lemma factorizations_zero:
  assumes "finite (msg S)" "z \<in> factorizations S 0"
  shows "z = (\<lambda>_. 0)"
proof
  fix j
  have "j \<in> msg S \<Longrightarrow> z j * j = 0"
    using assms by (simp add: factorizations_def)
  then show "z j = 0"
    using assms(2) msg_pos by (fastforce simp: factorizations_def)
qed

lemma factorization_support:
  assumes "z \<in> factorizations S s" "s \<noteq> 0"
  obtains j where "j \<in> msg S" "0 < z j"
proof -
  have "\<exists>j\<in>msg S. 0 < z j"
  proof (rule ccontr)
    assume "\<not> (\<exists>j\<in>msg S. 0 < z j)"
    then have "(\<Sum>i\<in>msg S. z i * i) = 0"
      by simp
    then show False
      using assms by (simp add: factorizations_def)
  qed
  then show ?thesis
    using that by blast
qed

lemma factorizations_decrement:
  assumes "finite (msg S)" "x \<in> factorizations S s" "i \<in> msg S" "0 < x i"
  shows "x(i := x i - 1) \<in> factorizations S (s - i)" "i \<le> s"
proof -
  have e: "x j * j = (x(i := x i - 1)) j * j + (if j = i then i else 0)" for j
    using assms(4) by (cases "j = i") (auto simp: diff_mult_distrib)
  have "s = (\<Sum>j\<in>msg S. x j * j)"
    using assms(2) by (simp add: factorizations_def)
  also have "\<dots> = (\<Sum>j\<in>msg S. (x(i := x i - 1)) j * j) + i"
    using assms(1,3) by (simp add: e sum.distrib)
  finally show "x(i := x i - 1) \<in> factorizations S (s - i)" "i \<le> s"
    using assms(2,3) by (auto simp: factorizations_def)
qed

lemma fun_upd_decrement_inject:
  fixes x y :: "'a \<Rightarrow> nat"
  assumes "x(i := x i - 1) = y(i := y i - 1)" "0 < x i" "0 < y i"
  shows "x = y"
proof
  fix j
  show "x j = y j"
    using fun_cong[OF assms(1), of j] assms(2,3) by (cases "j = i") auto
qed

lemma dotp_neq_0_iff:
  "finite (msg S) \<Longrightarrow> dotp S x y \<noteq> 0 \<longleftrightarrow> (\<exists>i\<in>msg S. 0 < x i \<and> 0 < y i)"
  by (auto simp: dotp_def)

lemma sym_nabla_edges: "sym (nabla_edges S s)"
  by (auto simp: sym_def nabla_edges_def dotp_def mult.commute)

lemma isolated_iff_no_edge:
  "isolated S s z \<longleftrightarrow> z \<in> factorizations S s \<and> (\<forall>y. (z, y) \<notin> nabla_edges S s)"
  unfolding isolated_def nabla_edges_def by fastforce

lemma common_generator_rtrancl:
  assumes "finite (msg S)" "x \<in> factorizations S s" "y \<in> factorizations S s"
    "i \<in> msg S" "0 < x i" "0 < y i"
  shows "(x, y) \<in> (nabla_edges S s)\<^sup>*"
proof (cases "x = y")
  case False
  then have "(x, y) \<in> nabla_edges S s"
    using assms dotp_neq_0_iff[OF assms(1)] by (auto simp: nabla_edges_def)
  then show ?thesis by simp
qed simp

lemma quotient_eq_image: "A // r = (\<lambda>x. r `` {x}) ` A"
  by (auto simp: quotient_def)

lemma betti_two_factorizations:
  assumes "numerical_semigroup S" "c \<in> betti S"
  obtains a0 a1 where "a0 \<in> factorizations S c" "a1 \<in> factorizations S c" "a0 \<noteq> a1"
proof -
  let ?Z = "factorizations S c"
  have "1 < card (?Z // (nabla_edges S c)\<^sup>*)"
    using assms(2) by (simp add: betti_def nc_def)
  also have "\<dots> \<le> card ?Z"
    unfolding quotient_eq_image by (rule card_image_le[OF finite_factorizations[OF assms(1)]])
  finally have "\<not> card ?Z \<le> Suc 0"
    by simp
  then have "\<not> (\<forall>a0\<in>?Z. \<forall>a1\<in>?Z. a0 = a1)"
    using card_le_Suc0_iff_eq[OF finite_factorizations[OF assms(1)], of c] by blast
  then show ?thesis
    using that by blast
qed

+--

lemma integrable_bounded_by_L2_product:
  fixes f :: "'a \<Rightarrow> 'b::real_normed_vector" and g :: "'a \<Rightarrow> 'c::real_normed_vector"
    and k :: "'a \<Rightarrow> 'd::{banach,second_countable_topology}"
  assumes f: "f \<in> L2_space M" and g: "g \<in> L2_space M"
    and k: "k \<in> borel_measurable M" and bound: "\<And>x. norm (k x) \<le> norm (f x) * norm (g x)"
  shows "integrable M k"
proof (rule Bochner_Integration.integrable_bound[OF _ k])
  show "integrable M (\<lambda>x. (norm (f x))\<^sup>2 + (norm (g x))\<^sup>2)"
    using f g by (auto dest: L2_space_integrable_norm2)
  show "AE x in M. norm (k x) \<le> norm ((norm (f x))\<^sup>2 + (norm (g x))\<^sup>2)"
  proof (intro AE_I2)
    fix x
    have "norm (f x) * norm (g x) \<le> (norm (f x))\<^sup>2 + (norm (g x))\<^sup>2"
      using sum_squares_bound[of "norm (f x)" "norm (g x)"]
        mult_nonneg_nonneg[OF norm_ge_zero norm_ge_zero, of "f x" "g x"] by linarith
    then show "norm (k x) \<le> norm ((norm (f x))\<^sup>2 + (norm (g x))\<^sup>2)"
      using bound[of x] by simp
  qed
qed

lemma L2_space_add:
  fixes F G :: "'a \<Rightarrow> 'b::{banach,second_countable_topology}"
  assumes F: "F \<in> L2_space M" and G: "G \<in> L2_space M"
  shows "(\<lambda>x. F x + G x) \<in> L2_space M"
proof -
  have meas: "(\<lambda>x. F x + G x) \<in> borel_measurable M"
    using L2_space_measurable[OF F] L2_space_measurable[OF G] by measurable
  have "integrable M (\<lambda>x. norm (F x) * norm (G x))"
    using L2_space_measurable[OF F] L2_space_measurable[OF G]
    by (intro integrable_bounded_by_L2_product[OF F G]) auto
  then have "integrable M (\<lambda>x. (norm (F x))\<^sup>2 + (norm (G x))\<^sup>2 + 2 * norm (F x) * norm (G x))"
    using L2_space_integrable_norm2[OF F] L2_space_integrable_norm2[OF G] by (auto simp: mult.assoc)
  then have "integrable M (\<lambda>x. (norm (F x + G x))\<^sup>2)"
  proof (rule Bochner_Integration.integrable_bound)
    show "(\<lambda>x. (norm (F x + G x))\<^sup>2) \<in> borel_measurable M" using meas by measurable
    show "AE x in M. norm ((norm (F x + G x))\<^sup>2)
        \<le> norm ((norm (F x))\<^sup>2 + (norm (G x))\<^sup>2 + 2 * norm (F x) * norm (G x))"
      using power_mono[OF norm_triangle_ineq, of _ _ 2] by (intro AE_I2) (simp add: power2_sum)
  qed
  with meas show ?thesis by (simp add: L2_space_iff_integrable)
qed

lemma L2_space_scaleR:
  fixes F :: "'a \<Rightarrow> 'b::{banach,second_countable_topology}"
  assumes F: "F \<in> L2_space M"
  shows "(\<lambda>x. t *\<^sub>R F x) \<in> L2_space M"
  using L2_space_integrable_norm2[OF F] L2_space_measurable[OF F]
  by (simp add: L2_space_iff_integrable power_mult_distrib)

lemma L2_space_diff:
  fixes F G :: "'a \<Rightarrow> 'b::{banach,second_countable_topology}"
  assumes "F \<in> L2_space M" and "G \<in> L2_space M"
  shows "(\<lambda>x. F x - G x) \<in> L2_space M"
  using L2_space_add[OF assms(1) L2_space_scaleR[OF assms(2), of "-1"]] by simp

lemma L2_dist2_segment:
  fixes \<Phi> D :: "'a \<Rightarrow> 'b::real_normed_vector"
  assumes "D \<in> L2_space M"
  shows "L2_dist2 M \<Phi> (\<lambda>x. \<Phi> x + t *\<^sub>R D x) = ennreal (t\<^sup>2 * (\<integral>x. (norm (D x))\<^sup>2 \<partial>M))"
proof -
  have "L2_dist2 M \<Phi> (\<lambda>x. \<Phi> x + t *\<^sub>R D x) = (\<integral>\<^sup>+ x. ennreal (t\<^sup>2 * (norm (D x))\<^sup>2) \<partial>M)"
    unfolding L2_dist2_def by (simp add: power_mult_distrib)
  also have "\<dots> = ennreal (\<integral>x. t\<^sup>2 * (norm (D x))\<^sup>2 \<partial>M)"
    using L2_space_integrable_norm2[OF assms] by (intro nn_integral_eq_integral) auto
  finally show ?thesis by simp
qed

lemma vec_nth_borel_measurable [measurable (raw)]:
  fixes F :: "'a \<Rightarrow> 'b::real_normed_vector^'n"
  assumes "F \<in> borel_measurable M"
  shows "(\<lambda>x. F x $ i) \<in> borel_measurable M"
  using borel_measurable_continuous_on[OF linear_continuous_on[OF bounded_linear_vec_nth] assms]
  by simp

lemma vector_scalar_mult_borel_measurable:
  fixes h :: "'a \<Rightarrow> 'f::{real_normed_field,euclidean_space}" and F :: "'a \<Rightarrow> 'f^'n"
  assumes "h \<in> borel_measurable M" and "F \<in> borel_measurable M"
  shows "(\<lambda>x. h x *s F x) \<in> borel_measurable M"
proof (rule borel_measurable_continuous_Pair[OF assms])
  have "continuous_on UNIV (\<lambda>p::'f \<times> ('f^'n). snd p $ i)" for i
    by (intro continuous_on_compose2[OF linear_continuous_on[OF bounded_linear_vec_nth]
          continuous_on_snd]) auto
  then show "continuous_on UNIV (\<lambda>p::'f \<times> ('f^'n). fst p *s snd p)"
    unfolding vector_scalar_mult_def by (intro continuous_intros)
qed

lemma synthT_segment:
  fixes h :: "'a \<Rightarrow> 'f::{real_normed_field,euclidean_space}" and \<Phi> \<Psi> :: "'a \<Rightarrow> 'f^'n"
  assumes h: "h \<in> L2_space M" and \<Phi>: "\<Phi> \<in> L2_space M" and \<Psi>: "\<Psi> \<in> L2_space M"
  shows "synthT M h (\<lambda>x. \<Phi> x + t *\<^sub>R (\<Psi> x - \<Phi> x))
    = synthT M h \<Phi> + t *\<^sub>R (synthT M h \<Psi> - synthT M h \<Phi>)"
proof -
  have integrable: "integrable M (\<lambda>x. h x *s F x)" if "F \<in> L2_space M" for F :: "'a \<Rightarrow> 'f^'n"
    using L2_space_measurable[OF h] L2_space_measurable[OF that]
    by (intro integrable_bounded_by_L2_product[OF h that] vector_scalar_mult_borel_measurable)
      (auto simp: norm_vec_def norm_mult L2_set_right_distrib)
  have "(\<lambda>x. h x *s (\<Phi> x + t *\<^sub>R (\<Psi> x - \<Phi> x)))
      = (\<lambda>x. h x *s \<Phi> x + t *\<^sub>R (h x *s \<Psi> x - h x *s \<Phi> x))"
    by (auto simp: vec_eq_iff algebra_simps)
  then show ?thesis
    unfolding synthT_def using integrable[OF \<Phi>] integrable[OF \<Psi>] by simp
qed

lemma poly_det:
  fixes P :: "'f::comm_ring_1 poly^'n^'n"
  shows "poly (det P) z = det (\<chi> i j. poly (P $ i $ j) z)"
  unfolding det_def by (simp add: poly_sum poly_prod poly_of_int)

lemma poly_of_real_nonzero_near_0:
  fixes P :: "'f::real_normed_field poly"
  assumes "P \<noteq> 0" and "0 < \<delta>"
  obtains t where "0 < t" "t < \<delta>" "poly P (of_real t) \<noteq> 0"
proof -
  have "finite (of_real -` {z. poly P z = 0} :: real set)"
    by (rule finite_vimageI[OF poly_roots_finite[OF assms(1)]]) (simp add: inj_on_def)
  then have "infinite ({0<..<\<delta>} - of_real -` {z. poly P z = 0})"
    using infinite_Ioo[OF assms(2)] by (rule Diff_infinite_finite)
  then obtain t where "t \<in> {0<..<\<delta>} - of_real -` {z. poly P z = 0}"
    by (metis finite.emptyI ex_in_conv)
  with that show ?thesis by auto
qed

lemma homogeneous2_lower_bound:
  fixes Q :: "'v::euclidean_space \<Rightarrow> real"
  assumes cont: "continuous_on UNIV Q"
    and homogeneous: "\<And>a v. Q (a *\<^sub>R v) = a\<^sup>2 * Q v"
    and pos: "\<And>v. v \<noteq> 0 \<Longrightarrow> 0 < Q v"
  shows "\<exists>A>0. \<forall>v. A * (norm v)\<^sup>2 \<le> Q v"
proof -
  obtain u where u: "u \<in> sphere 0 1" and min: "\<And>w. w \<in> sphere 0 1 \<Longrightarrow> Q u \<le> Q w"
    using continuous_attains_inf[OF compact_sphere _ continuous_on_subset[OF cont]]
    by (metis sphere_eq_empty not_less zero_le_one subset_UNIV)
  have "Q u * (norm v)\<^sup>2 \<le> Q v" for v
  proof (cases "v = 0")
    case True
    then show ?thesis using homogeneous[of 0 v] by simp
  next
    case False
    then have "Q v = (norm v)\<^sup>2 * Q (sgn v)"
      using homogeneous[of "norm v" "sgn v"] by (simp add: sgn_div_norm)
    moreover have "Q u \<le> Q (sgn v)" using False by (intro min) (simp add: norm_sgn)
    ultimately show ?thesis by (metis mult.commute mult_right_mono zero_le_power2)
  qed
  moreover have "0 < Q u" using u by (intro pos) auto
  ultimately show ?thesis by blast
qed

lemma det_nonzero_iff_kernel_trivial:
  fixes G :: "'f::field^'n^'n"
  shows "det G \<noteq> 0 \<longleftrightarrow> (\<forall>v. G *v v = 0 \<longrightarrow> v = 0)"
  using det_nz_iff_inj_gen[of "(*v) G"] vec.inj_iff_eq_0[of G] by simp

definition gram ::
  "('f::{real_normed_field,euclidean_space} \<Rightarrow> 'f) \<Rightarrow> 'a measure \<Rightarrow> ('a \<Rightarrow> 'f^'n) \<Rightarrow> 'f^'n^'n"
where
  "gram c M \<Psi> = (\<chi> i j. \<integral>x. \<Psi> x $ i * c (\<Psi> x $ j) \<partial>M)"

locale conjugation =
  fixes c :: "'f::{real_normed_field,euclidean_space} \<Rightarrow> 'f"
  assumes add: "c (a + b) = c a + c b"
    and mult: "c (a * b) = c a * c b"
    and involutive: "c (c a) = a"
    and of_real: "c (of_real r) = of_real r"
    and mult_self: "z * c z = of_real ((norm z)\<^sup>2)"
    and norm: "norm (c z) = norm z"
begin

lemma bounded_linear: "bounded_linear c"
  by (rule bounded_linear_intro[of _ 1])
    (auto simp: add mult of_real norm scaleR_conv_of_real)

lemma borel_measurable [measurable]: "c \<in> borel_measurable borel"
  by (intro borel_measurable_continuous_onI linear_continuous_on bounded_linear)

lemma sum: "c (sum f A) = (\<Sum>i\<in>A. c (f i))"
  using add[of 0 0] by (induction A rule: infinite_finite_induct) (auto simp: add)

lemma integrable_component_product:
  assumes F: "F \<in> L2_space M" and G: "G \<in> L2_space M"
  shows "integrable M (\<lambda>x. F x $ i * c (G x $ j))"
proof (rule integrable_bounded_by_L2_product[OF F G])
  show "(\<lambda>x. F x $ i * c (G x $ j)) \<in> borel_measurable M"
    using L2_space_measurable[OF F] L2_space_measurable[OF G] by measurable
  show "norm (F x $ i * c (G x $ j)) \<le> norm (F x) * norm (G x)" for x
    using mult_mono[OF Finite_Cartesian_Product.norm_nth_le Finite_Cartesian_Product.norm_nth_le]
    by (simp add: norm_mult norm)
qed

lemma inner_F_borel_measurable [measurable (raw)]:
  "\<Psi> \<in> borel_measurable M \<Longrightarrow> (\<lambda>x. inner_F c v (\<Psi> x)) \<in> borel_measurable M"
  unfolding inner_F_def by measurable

+--

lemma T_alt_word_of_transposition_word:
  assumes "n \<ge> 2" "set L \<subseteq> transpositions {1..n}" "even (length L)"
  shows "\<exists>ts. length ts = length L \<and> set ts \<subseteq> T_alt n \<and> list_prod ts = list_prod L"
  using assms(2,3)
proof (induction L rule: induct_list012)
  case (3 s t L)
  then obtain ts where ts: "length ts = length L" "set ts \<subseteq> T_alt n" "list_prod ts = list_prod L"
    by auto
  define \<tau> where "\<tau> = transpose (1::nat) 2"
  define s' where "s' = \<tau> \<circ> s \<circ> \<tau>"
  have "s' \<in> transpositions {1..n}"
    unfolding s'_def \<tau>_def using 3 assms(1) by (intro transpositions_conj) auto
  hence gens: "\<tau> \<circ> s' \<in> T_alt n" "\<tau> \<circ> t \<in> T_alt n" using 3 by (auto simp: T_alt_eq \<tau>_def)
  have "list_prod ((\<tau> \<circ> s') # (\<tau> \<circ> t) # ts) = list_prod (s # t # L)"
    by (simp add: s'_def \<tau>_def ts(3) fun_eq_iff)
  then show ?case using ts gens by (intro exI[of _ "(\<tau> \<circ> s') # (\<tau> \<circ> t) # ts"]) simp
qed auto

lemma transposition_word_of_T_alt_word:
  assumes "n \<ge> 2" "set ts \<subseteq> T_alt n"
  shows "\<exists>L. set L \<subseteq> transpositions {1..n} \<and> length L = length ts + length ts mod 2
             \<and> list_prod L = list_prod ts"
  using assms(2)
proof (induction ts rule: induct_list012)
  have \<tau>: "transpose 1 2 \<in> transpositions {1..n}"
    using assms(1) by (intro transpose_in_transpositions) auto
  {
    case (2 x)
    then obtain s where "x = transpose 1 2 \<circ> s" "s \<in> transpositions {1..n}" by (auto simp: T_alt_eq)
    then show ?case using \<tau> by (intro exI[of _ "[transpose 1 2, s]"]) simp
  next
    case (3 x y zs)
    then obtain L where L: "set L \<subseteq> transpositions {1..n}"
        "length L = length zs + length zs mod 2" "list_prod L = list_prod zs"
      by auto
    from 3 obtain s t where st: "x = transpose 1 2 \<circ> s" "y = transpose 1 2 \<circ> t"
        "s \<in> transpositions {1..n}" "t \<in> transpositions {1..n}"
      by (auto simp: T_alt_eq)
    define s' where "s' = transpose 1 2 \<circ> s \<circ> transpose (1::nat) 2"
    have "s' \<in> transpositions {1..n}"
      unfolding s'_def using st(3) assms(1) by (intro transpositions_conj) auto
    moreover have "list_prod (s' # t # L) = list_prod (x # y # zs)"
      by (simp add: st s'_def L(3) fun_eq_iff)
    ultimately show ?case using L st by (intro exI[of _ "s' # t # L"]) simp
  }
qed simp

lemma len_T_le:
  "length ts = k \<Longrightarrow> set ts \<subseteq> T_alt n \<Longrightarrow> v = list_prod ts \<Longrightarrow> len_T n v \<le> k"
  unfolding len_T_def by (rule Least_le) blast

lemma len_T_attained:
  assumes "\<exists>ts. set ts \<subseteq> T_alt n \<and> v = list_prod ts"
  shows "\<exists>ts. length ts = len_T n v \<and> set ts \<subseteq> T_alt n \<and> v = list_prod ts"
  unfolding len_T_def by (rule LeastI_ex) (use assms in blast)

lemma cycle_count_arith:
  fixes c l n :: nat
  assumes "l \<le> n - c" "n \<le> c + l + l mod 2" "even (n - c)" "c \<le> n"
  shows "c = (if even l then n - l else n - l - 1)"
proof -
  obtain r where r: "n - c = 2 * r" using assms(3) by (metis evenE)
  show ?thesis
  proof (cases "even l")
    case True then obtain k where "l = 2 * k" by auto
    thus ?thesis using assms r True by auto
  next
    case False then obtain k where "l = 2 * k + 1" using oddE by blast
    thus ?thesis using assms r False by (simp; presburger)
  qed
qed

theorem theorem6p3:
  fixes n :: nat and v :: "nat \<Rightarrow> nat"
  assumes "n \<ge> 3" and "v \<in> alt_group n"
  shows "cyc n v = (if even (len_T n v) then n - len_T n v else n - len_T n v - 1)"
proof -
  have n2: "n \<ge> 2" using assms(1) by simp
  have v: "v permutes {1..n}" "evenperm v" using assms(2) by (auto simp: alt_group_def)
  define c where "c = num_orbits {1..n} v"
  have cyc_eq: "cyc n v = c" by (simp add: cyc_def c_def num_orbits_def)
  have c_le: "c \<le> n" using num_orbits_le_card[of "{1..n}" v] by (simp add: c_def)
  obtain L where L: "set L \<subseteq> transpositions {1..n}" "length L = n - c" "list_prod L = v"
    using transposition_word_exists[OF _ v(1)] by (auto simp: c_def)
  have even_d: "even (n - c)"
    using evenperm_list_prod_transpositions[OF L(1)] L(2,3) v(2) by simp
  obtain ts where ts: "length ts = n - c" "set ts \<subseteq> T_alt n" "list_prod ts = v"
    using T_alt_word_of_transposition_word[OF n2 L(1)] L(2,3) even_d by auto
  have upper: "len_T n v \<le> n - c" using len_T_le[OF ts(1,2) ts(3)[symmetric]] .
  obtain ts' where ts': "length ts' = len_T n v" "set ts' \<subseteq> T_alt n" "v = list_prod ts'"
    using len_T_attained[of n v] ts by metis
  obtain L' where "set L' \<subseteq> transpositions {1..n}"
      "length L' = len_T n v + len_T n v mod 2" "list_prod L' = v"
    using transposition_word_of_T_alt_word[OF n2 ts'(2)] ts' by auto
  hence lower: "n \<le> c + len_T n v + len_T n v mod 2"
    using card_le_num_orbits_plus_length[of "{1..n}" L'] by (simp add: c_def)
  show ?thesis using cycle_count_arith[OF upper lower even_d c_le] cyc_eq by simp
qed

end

+--

### How to complete this task
From the entries above, give again exactly the lines running from the line with "measure \<Rightarrow> ('a" to the line with "by (rule bounded_linear_intro[of _ 1])"; include both of those lines.

### Solution to this task
  "('f::{real_normed_field,euclidean_space} \<Rightarrow> 'f) \<Rightarrow> 'a measure \<Rightarrow> ('a \<Rightarrow> 'f^'n) \<Rightarrow> 'f^'n^'n"
where
  "gram c M \<Psi> = (\<chi> i j. \<integral>x. \<Psi> x $ i * c (\<Psi> x $ j) \<partial>M)"

locale conjugation =
  fixes c :: "'f::{real_normed_field,euclidean_space} \<Rightarrow> 'f"
  assumes add: "c (a + b) = c a + c b"
    and mult: "c (a * b) = c a * c b"
    and involutive: "c (c a) = a"
    and of_real: "c (of_real r) = of_real r"
    and mult_self: "z * c z = of_real ((norm z)\<^sup>2)"
    and norm: "norm (c z) = norm z"
begin

lemma bounded_linear: "bounded_linear c"
  by (rule bounded_linear_intro[of _ 1])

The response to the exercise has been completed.